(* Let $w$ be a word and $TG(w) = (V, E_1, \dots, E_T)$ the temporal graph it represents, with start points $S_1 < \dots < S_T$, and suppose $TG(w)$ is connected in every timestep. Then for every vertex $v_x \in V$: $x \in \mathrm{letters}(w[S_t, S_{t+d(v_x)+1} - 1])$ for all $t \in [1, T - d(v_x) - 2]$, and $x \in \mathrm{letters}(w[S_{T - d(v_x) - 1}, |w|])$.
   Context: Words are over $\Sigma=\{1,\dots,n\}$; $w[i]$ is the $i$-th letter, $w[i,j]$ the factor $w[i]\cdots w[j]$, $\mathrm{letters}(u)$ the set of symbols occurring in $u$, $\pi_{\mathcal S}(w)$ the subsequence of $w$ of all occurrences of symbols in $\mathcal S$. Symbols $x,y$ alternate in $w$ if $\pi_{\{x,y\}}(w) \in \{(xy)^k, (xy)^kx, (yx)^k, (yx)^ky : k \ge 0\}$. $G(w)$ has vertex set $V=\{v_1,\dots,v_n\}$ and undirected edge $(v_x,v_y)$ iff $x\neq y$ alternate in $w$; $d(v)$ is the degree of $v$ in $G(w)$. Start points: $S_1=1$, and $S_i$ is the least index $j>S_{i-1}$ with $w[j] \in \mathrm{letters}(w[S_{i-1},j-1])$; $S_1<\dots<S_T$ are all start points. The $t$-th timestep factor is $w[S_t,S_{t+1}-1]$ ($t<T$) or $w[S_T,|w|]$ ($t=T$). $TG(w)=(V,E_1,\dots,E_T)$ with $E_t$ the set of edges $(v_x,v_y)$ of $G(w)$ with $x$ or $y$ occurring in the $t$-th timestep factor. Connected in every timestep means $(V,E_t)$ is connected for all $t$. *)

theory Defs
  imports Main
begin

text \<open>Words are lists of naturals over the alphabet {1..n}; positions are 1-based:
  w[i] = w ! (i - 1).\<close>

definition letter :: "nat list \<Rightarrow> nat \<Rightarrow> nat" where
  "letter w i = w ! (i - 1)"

◆ ◆ ◆ ◆ ◆

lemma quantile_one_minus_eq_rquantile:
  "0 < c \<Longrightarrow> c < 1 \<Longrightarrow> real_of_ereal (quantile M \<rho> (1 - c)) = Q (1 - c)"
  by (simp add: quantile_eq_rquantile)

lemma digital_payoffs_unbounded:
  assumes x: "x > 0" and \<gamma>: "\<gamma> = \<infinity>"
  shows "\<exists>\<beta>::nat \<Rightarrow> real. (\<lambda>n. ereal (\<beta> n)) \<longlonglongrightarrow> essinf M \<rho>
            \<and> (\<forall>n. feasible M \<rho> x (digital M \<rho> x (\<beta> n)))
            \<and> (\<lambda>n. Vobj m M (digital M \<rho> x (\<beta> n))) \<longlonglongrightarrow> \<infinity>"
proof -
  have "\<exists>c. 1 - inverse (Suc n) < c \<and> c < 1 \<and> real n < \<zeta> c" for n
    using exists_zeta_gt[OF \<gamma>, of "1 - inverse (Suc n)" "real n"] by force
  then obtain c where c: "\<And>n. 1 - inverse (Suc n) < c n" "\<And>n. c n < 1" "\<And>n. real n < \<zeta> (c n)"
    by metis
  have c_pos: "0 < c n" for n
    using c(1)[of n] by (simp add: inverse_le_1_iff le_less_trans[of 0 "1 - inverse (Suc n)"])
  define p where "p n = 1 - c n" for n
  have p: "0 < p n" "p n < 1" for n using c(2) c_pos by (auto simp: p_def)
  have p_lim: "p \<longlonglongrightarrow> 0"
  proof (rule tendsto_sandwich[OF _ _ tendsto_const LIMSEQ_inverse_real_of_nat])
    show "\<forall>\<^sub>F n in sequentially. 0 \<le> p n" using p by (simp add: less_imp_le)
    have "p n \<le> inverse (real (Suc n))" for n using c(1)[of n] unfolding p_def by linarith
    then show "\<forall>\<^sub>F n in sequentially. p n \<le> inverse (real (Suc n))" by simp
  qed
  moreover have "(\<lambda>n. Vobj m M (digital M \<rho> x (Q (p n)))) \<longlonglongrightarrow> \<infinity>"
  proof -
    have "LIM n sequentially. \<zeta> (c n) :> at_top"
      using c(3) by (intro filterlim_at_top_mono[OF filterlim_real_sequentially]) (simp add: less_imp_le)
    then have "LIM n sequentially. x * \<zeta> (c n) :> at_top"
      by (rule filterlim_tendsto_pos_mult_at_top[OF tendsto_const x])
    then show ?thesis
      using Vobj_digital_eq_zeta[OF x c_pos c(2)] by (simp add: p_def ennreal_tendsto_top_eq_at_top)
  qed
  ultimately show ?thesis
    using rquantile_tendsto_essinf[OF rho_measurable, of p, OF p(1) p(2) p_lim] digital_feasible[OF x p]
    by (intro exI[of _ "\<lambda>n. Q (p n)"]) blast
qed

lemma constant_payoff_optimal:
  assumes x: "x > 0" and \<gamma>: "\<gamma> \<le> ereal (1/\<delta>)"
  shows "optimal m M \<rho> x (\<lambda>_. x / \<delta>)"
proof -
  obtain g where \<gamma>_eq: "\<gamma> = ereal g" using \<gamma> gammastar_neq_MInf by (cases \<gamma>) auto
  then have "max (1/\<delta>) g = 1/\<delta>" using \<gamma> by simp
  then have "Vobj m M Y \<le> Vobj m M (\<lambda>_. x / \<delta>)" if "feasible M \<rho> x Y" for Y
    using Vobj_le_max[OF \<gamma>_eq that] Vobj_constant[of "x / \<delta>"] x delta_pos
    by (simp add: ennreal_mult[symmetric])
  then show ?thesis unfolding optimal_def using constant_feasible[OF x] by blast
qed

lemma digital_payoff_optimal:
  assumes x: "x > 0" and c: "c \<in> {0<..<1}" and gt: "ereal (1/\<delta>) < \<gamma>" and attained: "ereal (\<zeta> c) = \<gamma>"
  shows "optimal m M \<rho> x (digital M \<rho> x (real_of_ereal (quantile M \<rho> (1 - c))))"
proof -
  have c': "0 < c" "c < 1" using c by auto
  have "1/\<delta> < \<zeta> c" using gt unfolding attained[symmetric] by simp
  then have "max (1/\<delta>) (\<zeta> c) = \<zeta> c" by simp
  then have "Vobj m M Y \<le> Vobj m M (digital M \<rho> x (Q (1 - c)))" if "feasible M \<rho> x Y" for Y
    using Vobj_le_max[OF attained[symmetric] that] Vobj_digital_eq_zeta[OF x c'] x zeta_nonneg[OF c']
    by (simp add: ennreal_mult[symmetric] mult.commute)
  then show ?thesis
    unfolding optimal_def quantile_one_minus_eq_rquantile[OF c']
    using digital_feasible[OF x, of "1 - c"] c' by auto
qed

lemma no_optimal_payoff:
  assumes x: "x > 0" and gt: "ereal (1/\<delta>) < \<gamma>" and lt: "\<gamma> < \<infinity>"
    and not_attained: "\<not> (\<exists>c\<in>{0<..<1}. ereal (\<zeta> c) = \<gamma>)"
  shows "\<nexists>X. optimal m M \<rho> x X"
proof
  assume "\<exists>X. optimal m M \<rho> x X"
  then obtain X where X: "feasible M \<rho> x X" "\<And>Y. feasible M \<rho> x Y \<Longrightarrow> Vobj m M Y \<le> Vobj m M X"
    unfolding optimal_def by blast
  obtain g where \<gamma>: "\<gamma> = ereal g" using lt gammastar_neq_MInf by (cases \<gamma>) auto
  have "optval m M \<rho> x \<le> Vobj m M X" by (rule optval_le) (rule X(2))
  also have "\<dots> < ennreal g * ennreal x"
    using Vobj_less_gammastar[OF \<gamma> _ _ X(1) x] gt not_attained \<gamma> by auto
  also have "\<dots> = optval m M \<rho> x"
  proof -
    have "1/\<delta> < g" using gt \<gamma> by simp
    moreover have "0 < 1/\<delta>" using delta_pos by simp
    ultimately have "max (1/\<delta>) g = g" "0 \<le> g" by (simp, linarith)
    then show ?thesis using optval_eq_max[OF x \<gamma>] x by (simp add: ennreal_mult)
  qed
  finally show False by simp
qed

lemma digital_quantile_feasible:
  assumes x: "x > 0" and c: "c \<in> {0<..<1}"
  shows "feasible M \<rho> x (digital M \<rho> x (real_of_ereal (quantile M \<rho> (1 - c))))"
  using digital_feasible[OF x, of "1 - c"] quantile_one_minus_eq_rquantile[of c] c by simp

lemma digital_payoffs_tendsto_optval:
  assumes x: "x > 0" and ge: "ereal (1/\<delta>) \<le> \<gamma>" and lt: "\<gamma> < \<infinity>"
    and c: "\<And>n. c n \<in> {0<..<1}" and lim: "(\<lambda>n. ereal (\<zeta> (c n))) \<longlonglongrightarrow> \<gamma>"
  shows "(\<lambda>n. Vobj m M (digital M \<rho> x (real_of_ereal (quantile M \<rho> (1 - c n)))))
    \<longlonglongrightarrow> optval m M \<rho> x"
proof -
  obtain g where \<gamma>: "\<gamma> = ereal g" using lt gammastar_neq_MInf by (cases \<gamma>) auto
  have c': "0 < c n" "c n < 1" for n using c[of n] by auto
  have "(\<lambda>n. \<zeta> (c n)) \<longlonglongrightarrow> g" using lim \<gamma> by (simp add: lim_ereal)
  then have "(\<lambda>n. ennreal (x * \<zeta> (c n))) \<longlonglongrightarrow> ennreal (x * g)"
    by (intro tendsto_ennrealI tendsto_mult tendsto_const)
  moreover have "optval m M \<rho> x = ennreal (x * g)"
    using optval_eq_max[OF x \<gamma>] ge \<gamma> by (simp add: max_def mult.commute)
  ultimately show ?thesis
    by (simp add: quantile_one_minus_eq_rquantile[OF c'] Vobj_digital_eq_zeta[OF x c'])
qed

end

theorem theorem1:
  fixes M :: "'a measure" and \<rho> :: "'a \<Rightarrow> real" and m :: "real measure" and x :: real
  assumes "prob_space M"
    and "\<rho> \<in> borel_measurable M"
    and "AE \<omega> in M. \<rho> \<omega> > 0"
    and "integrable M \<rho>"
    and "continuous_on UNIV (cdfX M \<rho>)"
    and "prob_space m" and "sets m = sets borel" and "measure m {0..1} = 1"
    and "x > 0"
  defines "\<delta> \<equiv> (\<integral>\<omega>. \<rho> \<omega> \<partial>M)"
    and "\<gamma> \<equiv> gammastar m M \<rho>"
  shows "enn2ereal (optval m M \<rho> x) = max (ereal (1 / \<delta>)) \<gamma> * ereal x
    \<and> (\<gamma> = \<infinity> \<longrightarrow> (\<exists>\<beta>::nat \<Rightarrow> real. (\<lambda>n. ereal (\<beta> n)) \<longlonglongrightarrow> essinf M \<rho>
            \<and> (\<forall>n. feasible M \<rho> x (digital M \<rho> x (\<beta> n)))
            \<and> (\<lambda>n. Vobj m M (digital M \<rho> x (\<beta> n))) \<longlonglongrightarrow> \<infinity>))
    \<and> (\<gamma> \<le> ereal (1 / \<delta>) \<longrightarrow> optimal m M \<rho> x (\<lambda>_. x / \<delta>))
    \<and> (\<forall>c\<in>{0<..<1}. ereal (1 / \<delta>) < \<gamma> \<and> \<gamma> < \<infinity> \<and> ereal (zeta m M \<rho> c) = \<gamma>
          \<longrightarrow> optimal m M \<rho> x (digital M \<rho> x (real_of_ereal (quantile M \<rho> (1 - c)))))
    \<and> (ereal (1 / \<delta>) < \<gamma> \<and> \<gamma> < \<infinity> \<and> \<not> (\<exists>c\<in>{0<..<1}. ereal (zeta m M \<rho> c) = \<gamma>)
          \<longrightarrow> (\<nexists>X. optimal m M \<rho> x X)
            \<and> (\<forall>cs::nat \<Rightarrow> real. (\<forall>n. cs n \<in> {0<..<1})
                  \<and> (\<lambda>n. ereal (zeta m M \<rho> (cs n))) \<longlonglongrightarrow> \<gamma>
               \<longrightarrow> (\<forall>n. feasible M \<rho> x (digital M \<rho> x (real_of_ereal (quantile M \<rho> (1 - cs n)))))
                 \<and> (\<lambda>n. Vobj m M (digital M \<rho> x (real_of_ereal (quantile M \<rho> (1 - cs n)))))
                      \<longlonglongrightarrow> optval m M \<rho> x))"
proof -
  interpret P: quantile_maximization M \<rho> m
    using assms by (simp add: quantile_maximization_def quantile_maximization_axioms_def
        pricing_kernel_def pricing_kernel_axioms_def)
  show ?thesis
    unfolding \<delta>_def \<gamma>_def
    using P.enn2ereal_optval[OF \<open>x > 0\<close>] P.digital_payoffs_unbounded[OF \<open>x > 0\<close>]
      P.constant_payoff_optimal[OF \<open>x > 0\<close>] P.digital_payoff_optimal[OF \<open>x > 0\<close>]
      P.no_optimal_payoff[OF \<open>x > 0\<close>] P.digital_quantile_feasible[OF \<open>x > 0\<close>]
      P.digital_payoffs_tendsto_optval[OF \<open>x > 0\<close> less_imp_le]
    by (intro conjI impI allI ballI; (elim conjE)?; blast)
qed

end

◆ ◆ ◆ ◆ ◆

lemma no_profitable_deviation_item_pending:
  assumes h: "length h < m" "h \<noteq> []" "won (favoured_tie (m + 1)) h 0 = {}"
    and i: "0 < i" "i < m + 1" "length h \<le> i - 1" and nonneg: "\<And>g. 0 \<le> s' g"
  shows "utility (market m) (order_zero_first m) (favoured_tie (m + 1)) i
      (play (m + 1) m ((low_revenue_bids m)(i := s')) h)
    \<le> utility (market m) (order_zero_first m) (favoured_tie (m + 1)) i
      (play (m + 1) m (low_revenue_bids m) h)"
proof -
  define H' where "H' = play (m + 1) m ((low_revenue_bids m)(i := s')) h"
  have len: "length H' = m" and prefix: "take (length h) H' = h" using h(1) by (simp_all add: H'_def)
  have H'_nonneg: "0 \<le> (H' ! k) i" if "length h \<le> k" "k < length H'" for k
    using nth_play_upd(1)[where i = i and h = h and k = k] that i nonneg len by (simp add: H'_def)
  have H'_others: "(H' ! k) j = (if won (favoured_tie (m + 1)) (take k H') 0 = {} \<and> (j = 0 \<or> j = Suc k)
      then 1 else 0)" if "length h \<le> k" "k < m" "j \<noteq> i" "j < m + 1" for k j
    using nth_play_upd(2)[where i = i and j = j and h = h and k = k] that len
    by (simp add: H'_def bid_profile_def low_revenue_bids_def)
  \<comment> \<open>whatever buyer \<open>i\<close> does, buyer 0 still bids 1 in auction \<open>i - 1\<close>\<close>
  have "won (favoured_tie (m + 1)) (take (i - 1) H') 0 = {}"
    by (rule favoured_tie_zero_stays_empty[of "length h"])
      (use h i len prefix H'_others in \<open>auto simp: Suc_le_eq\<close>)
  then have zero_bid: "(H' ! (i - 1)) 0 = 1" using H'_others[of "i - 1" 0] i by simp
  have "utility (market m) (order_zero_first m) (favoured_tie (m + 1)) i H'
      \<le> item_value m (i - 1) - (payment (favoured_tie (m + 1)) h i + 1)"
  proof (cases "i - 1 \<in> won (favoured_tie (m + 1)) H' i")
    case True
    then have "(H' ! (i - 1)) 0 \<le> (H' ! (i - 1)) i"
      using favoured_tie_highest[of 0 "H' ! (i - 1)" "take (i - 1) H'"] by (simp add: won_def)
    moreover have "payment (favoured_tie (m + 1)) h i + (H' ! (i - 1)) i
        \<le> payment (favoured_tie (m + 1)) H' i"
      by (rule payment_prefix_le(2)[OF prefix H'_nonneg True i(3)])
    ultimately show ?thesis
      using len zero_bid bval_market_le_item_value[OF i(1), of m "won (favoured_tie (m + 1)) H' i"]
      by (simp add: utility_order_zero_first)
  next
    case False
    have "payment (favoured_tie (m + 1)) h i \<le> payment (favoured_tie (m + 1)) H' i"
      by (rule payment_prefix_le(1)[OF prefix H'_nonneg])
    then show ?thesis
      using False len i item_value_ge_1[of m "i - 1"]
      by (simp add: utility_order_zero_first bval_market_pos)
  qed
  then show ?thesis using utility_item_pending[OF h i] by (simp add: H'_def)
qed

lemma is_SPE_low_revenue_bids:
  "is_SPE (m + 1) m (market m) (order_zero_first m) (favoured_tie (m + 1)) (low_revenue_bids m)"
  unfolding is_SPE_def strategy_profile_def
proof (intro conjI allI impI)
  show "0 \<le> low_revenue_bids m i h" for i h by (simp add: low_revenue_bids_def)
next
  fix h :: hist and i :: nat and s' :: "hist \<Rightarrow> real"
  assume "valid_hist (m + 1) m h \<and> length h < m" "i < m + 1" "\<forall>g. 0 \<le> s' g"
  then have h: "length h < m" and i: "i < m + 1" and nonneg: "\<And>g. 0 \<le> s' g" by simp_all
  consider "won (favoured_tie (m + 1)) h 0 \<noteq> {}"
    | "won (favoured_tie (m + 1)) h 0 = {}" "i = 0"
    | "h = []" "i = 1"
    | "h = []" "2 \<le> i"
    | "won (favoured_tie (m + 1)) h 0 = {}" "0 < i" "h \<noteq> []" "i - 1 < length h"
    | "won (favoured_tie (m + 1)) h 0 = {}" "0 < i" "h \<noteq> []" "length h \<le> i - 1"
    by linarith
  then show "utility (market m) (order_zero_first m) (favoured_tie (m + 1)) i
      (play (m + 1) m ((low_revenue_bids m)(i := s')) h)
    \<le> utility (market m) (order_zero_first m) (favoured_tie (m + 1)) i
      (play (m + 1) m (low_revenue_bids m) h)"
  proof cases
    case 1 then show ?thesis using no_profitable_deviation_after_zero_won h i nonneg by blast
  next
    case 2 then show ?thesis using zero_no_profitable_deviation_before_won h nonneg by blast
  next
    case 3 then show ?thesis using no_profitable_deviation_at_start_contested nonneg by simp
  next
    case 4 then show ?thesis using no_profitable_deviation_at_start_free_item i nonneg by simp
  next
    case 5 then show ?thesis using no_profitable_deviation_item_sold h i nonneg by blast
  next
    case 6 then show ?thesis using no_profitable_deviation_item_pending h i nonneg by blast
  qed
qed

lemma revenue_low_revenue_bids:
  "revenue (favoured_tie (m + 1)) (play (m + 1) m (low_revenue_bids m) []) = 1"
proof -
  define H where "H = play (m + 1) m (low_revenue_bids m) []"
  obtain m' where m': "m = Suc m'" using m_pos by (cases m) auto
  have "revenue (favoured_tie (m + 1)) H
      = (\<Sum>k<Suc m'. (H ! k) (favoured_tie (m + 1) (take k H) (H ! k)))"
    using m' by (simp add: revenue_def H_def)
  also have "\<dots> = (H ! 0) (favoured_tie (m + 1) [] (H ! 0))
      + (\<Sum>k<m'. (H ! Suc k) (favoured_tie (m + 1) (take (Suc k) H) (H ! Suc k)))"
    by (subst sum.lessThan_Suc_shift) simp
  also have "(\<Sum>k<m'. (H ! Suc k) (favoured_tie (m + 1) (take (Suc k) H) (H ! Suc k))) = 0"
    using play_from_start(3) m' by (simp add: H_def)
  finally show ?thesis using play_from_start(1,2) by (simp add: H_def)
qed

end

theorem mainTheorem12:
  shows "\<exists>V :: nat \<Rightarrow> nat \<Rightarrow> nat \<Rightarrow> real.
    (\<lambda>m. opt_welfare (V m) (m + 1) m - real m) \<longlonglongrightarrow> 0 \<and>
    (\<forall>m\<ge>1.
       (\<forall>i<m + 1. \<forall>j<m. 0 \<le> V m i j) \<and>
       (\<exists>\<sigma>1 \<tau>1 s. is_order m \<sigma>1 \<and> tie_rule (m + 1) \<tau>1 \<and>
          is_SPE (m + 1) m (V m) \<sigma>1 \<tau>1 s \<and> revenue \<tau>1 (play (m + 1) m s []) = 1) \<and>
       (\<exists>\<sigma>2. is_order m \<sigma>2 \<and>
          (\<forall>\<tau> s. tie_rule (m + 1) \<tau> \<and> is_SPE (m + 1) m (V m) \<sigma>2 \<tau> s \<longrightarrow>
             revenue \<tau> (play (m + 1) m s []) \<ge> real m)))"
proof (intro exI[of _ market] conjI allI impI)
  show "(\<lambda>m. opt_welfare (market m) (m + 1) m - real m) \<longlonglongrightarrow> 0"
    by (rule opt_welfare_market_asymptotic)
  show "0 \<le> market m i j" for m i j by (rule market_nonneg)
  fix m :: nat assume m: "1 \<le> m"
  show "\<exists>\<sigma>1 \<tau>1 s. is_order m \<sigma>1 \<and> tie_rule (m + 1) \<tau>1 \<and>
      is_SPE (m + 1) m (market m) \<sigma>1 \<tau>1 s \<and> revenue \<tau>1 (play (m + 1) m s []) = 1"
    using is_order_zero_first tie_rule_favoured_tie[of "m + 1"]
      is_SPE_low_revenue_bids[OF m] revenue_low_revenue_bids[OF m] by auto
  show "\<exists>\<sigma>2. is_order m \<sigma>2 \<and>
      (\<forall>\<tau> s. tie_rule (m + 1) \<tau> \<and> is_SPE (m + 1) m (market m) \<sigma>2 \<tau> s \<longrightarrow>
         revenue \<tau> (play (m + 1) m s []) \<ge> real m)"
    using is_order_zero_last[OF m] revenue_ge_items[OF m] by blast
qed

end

◆ ◆ ◆ ◆ ◆

### [What you are asked to do]
From the data above, output exactly the lines between the one containing "delta_pos by simp" and the one containing "ereal (\<zeta> (c", counting both of them.

### [Result for this task]
    moreover have "0 < 1/\<delta>" using delta_pos by simp
    ultimately have "max (1/\<delta>) g = g" "0 \<le> g" by (simp, linarith)
    then show ?thesis using optval_eq_max[OF x \<gamma>] x by (simp add: ennreal_mult)
  qed
  finally show False by simp
qed

lemma digital_quantile_feasible:
  assumes x: "x > 0" and c: "c \<in> {0<..<1}"
  shows "feasible M \<rho> x (digital M \<rho> x (real_of_ereal (quantile M \<rho> (1 - c))))"
  using digital_feasible[OF x, of "1 - c"] quantile_one_minus_eq_rquantile[of c] c by simp

lemma digital_payoffs_tendsto_optval:
  assumes x: "x > 0" and ge: "ereal (1/\<delta>) \<le> \<gamma>" and lt: "\<gamma> < \<infinity>"
    and c: "\<And>n. c n \<in> {0<..<1}" and lim: "(\<lambda>n. ereal (\<zeta> (c n))) \<longlonglongrightarrow> \<gamma>"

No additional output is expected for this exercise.